lemma centered_increment_history:
  assumes "j < k"
  shows "centered_increment s p q (spider_chain s c0 \<xi> j) (\<xi> j)
           = centered_increment s p q (foldl (spider_step s) c0 (take j (map \<xi> [0..<k]))) (map \<xi> [0..<k] ! j)"
  using assms by (simp add: spider_chain_foldl take_map min_def)

lemma (in prob_space) centered_increments_square_integrable:
  fixes \<xi> :: "nat \<Rightarrow> 'a \<Rightarrow> bool \<times> bool" and s :: nat and c :: "int \<times> int"
  assumes indep: "indep_vars (\<lambda>_. count_space UNIV) \<xi> UNIV" and p: "p > 0" and q: "q > 0"
  defines "Z k \<omega> \<equiv> centered_increment s p q (spider_chain s c (\<lambda>i. \<xi> i \<omega>) k) (\<xi> k \<omega>)"
  shows "Z k \<in> borel_measurable M"
    and "integrable M (\<lambda>\<omega>. Z j \<omega> * Z k \<omega>)"
    and "expectation (\<lambda>\<omega>. Z k \<omega> * Z k \<omega>) \<le> increment_bound s p q ^ 2"
proof -
  note bound = centered_increment_product_bound[OF p q]
  show Z_meas: "Z k \<in> borel_measurable M" for k
  proof -
    define F where "F l = centered_increment s p q (foldl (spider_step s) c (take k l)) (l ! k)" for l
    have "Z k = (\<lambda>\<omega>. F (map (\<lambda>i. \<xi> i \<omega>) [0..<Suc k]))"
      unfolding Z_def F_def by (rule ext, rule centered_increment_history) simp
    thus ?thesis
      using measurable_compose[OF indep_var_rv1[OF indep_var_prefix[OF indep, of "Suc k"]], of F borel]
      by (simp del: upt_Suc)
  qed
  show Z_int: "integrable M (\<lambda>\<omega>. Z j \<omega> * Z k \<omega>)" for j k
  proof (rule integrable_const_bound[of _ "increment_bound s p q ^ 2"])
    show "AE \<omega> in M. norm (Z j \<omega> * Z k \<omega>) \<le> increment_bound s p q ^ 2" using bound by (simp add: Z_def)
  qed (intro borel_measurable_times Z_meas)
  have "expectation (\<lambda>\<omega>. Z k \<omega> * Z k \<omega>) \<le> expectation (\<lambda>\<omega>. increment_bound s p q ^ 2)"
    by (rule integral_mono[OF Z_int]) (use bound in \<open>auto simp: Z_def abs_le_iff\<close>)
  thus "expectation (\<lambda>\<omega>. Z k \<omega> * Z k \<omega>) \<le> increment_bound s p q ^ 2"
    by (simp add: prob_space)
qed

lemma (in prob_space) centered_increments_orthogonal:
  fixes \<xi> :: "nat \<Rightarrow> 'a \<Rightarrow> bool \<times> bool" and c :: "int \<times> int"
  assumes indep: "indep_vars (\<lambda>_. count_space UNIV) \<xi> UNIV"
    and law: "\<And>k m. prob {\<omega> \<in> space M. \<xi> k \<omega> = m} = move_prob p q m"
    and s: "s \<ge> 2" and p: "p > 0" and q: "q > 0"
  defines "Z k \<omega> \<equiv> centered_increment s p q (spider_chain s c (\<lambda>i. \<xi> i \<omega>) k) (\<xi> k \<omega>)"
  assumes "j \<noteq> k"
  shows "expectation (\<lambda>\<omega>. Z j \<omega> * Z k \<omega>) = 0"
proof -
  (* The earlier increment is a function of the history before time k, the later one of that
     history and the independent move at time k. *)
  define \<Phi> where "\<Phi> j l = centered_increment s p q (foldl (spider_step s) c (take j l)) (l ! j)" for j l
  define \<Psi> where "\<Psi> l m = centered_increment s p q (foldl (spider_step s) c l) m" for l m
  have orth_lt: "expectation (\<lambda>\<omega>. Z j \<omega> * Z k \<omega>) = 0" if "j < k" for j k
  proof -
    have "expectation (\<lambda>\<omega>. Z j \<omega> * Z k \<omega>)
        = expectation (\<lambda>\<omega>. \<Phi> j (map (\<lambda>i. \<xi> i \<omega>) [0..<k]) * \<Psi> (map (\<lambda>i. \<xi> i \<omega>) [0..<k]) (\<xi> k \<omega>))"
      unfolding Z_def \<Phi>_def \<Psi>_def
      by (subst centered_increment_history[OF that]) (simp add: spider_chain_foldl)
    also have "\<dots> = 0"
    proof (rule indep_expectation_zero[OF indep_var_prefix[OF indep, of k]])
      show "\<bar>\<Phi> j l * \<Psi> l m\<bar> \<le> increment_bound s p q ^ 2" for l m
        unfolding \<Phi>_def \<Psi>_def by (rule centered_increment_product_bound[OF p q])
      show "prob {\<omega> \<in> space M. \<xi> k \<omega> = m} = move_prob p q m" for m by (rule law)
      show "(\<Sum>m\<in>UNIV. move_prob p q m * (\<Phi> j l * \<Psi> l m)) = 0" for l
        using centered_increment_mean_zero[OF s p q]
        by (simp add: \<Psi>_def sum_distrib_left[symmetric] mult.left_commute)
    qed
    finally show ?thesis .
  qed
  show ?thesis
    using orth_lt[of j k] orth_lt[of k j] \<open>j \<noteq> k\<close> by (cases "j < k") (simp_all add: mult.commute)
qed

lemma (in prob_space) spider_chain_slln:
  fixes \<xi> :: "nat \<Rightarrow> 'a \<Rightarrow> bool \<times> bool"
  assumes indep: "indep_vars (\<lambda>_. count_space UNIV) \<xi> UNIV"
    and law: "\<And>k m. prob {\<omega> \<in> space M. \<xi> k \<omega> = m} = move_prob p q m"
    and s: "s \<ge> 2" and p: "p > 0" and q: "q > 0" and c0: "admissible s c0"
  shows "AE \<omega> in M. (\<lambda>n. real_of_int (fst (spider_chain s c0 (\<lambda>i. \<xi> i \<omega>) n)) / real n)
                      \<longlonglongrightarrow> ring_speed s p q"
proof -
  define Z where "Z k \<omega> = centered_increment s p q (spider_chain s c0 (\<lambda>i. \<xi> i \<omega>) k) (\<xi> k \<omega>)" for k \<omega>
  have "AE \<omega> in M. (\<lambda>m. (\<Sum>k<(Suc m)^2. Z k \<omega>) / real ((Suc m)^2)) \<longlonglongrightarrow> 0"
    using centered_increments_square_integrable[OF indep p q, where s = s and c = c0, folded Z_def]
      centered_increments_orthogonal[OF indep law s p q, where c = c0, folded Z_def]
    by (intro orthogonal_slln_squares[where Z = Z]) auto
  thus ?thesis
    by (rule AE_mp, intro AE_I2 impI chain_speed_from_squares[OF p q c0]) (simp add: Z_def)
qed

# TASK REQUIREMENTS
Every entry needs to be copied again, word for word.

# WORKED SOLUTION
lemma centered_increment_history:
  assumes "j < k"
  shows "centered_increment s p q (spider_chain s c0 \<xi> j) (\<xi> j)
           = centered_increment s p q (foldl (spider_step s) c0 (take j (map \<xi> [0..<k]))) (map \<xi> [0..<k] ! j)"
  using assms by (simp add: spider_chain_foldl take_map min_def)

lemma (in prob_space) centered_increments_square_integrable:
  fixes \<xi> :: "nat \<Rightarrow> 'a \<Rightarrow> bool \<times> bool" and s :: nat and c :: "int \<times> int"
  assumes indep: "indep_vars (\<lambda>_. count_space UNIV) \<xi> UNIV" and p: "p > 0" and q: "q > 0"
  defines "Z k \<omega> \<equiv> centered_increment s p q (spider_chain s c (\<lambda>i. \<xi> i \<omega>) k) (\<xi> k \<omega>)"
  shows "Z k \<in> borel_measurable M"
    and "integrable M (\<lambda>\<omega>. Z j \<omega> * Z k \<omega>)"
    and "expectation (\<lambda>\<omega>. Z k \<omega> * Z k \<omega>) \<le> increment_bound s p q ^ 2"
proof -
  note bound = centered_increment_product_bound[OF p q]
  show Z_meas: "Z k \<in> borel_measurable M" for k
  proof -
    define F where "F l = centered_increment s p q (foldl (spider_step s) c (take k l)) (l ! k)" for l
    have "Z k = (\<lambda>\<omega>. F (map (\<lambda>i. \<xi> i \<omega>) [0..<Suc k]))"
      unfolding Z_def F_def by (rule ext, rule centered_increment_history) simp
    thus ?thesis
      using measurable_compose[OF indep_var_rv1[OF indep_var_prefix[OF indep, of "Suc k"]], of F borel]
      by (simp del: upt_Suc)
  qed
  show Z_int: "integrable M (\<lambda>\<omega>. Z j \<omega> * Z k \<omega>)" for j k
  proof (rule integrable_const_bound[of _ "increment_bound s p q ^ 2"])
    show "AE \<omega> in M. norm (Z j \<omega> * Z k \<omega>) \<le> increment_bound s p q ^ 2" using bound by (simp add: Z_def)
  qed (intro borel_measurable_times Z_meas)
  have "expectation (\<lambda>\<omega>. Z k \<omega> * Z k \<omega>) \<le> expectation (\<lambda>\<omega>. increment_bound s p q ^ 2)"
    by (rule integral_mono[OF Z_int]) (use bound in \<open>auto simp: Z_def abs_le_iff\<close>)
  thus "expectation (\<lambda>\<omega>. Z k \<omega> * Z k \<omega>) \<le> increment_bound s p q ^ 2"
    by (simp add: prob_space)
qed

lemma (in prob_space) centered_increments_orthogonal:
  fixes \<xi> :: "nat \<Rightarrow> 'a \<Rightarrow> bool \<times> bool" and c :: "int \<times> int"
  assumes indep: "indep_vars (\<lambda>_. count_space UNIV) \<xi> UNIV"
    and law: "\<And>k m. prob {\<omega> \<in> space M. \<xi> k \<omega> = m} = move_prob p q m"
    and s: "s \<ge> 2" and p: "p > 0" and q: "q > 0"
  defines "Z k \<omega> \<equiv> centered_increment s p q (spider_chain s c (\<lambda>i. \<xi> i \<omega>) k) (\<xi> k \<omega>)"
  assumes "j \<noteq> k"
  shows "expectation (\<lambda>\<omega>. Z j \<omega> * Z k \<omega>) = 0"
proof -
  (* The earlier increment is a function of the history before time k, the later one of that
     history and the independent move at time k. *)
  define \<Phi> where "\<Phi> j l = centered_increment s p q (foldl (spider_step s) c (take j l)) (l ! j)" for j l
  define \<Psi> where "\<Psi> l m = centered_increment s p q (foldl (spider_step s) c l) m" for l m
  have orth_lt: "expectation (\<lambda>\<omega>. Z j \<omega> * Z k \<omega>) = 0" if "j < k" for j k
  proof -
    have "expectation (\<lambda>\<omega>. Z j \<omega> * Z k \<omega>)
        = expectation (\<lambda>\<omega>. \<Phi> j (map (\<lambda>i. \<xi> i \<omega>) [0..<k]) * \<Psi> (map (\<lambda>i. \<xi> i \<omega>) [0..<k]) (\<xi> k \<omega>))"
      unfolding Z_def \<Phi>_def \<Psi>_def
      by (subst centered_increment_history[OF that]) (simp add: spider_chain_foldl)
    also have "\<dots> = 0"
    proof (rule indep_expectation_zero[OF indep_var_prefix[OF indep, of k]])
      show "\<bar>\<Phi> j l * \<Psi> l m\<bar> \<le> increment_bound s p q ^ 2" for l m
        unfolding \<Phi>_def \<Psi>_def by (rule centered_increment_product_bound[OF p q])
      show "prob {\<omega> \<in> space M. \<xi> k \<omega> = m} = move_prob p q m" for m by (rule law)
      show "(\<Sum>m\<in>UNIV. move_prob p q m * (\<Phi> j l * \<Psi> l m)) = 0" for l
        using centered_increment_mean_zero[OF s p q]
        by (simp add: \<Psi>_def sum_distrib_left[symmetric] mult.left_commute)
    qed
    finally show ?thesis .
  qed
  show ?thesis
    using orth_lt[of j k] orth_lt[of k j] \<open>j \<noteq> k\<close> by (cases "j < k") (simp_all add: mult.commute)
qed

lemma (in prob_space) spider_chain_slln:
  fixes \<xi> :: "nat \<Rightarrow> 'a \<Rightarrow> bool \<times> bool"
  assumes indep: "indep_vars (\<lambda>_. count_space UNIV) \<xi> UNIV"
    and law: "\<And>k m. prob {\<omega> \<in> space M. \<xi> k \<omega> = m} = move_prob p q m"
    and s: "s \<ge> 2" and p: "p > 0" and q: "q > 0" and c0: "admissible s c0"
  shows "AE \<omega> in M. (\<lambda>n. real_of_int (fst (spider_chain s c0 (\<lambda>i. \<xi> i \<omega>) n)) / real n)
                      \<longlonglongrightarrow> ring_speed s p q"
proof -
  define Z where "Z k \<omega> = centered_increment s p q (spider_chain s c0 (\<lambda>i. \<xi> i \<omega>) k) (\<xi> k \<omega>)" for k \<omega>
  have "AE \<omega> in M. (\<lambda>m. (\<Sum>k<(Suc m)^2. Z k \<omega>) / real ((Suc m)^2)) \<longlonglongrightarrow> 0"
    using centered_increments_square_integrable[OF indep p q, where s = s and c = c0, folded Z_def]
      centered_increments_orthogonal[OF indep law s p q, where c = c0, folded Z_def]
    by (intro orthogonal_slln_squares[where Z = Z]) auto
  thus ?thesis
    by (rule AE_mp, intro AE_I2 impI chain_speed_from_squares[OF p q c0]) (simp add: Z_def)
qed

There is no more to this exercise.